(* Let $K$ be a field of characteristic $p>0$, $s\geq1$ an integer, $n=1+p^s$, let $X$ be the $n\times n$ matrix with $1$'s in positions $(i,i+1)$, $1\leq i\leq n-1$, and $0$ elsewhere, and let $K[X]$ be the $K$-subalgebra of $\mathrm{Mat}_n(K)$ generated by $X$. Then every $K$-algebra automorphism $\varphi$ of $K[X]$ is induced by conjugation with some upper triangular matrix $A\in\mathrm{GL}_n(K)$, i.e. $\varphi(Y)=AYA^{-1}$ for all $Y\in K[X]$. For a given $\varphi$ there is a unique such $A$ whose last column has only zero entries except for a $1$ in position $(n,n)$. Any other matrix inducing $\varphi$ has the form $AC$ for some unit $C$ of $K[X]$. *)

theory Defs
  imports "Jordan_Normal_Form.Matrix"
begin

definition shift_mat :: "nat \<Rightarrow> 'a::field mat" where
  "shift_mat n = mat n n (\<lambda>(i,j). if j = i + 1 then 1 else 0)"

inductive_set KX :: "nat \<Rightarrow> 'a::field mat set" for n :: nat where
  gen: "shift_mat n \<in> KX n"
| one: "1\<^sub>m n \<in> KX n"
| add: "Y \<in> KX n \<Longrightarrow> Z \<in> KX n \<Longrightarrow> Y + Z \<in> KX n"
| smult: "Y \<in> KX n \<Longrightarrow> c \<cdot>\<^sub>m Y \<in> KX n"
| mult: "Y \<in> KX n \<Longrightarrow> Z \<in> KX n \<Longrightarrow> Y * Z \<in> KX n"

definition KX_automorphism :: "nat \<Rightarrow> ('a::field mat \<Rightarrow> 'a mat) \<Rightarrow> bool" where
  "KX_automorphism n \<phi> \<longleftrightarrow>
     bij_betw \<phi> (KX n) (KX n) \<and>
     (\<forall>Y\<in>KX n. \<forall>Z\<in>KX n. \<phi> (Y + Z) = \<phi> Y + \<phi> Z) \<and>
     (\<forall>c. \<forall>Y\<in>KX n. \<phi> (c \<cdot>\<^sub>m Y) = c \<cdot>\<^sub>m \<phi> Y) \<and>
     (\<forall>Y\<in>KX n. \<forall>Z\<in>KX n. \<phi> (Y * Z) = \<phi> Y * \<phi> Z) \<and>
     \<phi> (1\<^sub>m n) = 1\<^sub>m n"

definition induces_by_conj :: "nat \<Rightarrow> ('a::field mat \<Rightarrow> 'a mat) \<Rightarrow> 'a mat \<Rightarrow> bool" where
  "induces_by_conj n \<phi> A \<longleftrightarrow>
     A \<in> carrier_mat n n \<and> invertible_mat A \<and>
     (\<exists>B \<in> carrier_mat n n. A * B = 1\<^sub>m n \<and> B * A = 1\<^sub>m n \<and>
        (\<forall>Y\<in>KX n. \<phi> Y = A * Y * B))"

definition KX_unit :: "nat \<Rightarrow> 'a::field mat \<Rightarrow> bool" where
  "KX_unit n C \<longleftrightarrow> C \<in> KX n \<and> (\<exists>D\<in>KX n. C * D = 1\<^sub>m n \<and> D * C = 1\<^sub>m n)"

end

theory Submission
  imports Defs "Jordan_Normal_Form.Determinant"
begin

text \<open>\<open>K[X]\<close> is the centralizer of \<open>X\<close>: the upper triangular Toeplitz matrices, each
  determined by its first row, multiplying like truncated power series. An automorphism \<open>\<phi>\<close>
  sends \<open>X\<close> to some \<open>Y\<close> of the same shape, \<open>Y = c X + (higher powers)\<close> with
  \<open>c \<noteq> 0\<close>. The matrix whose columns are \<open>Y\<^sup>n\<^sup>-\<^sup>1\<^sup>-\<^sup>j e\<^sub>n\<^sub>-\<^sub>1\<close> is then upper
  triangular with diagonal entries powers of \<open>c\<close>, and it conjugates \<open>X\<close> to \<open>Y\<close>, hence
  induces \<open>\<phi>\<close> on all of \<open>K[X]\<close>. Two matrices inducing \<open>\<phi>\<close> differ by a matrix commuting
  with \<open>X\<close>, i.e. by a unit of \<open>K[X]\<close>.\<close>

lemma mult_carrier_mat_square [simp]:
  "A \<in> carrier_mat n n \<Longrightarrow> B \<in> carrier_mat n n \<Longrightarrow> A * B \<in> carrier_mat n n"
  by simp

========

**EXERCISE OBJECTIVE**
The response should be the listing above, limited to the lines between the one holding "n :: nat where" and the one holding "A \<in> carrier_mat n n \<and>", inclusive, reproduced exactly.

**TASK RESPONSE**
inductive_set KX :: "nat \<Rightarrow> 'a::field mat set" for n :: nat where
  gen: "shift_mat n \<in> KX n"
| one: "1\<^sub>m n \<in> KX n"
| add: "Y \<in> KX n \<Longrightarrow> Z \<in> KX n \<Longrightarrow> Y + Z \<in> KX n"
| smult: "Y \<in> KX n \<Longrightarrow> c \<cdot>\<^sub>m Y \<in> KX n"
| mult: "Y \<in> KX n \<Longrightarrow> Z \<in> KX n \<Longrightarrow> Y * Z \<in> KX n"

definition KX_automorphism :: "nat \<Rightarrow> ('a::field mat \<Rightarrow> 'a mat) \<Rightarrow> bool" where
  "KX_automorphism n \<phi> \<longleftrightarrow>
     bij_betw \<phi> (KX n) (KX n) \<and>
     (\<forall>Y\<in>KX n. \<forall>Z\<in>KX n. \<phi> (Y + Z) = \<phi> Y + \<phi> Z) \<and>
     (\<forall>c. \<forall>Y\<in>KX n. \<phi> (c \<cdot>\<^sub>m Y) = c \<cdot>\<^sub>m \<phi> Y) \<and>
     (\<forall>Y\<in>KX n. \<forall>Z\<in>KX n. \<phi> (Y * Z) = \<phi> Y * \<phi> Z) \<and>
     \<phi> (1\<^sub>m n) = 1\<^sub>m n"

definition induces_by_conj :: "nat \<Rightarrow> ('a::field mat \<Rightarrow> 'a mat) \<Rightarrow> 'a mat \<Rightarrow> bool" where
  "induces_by_conj n \<phi> A \<longleftrightarrow>
     A \<in> carrier_mat n n \<and> invertible_mat A \<and>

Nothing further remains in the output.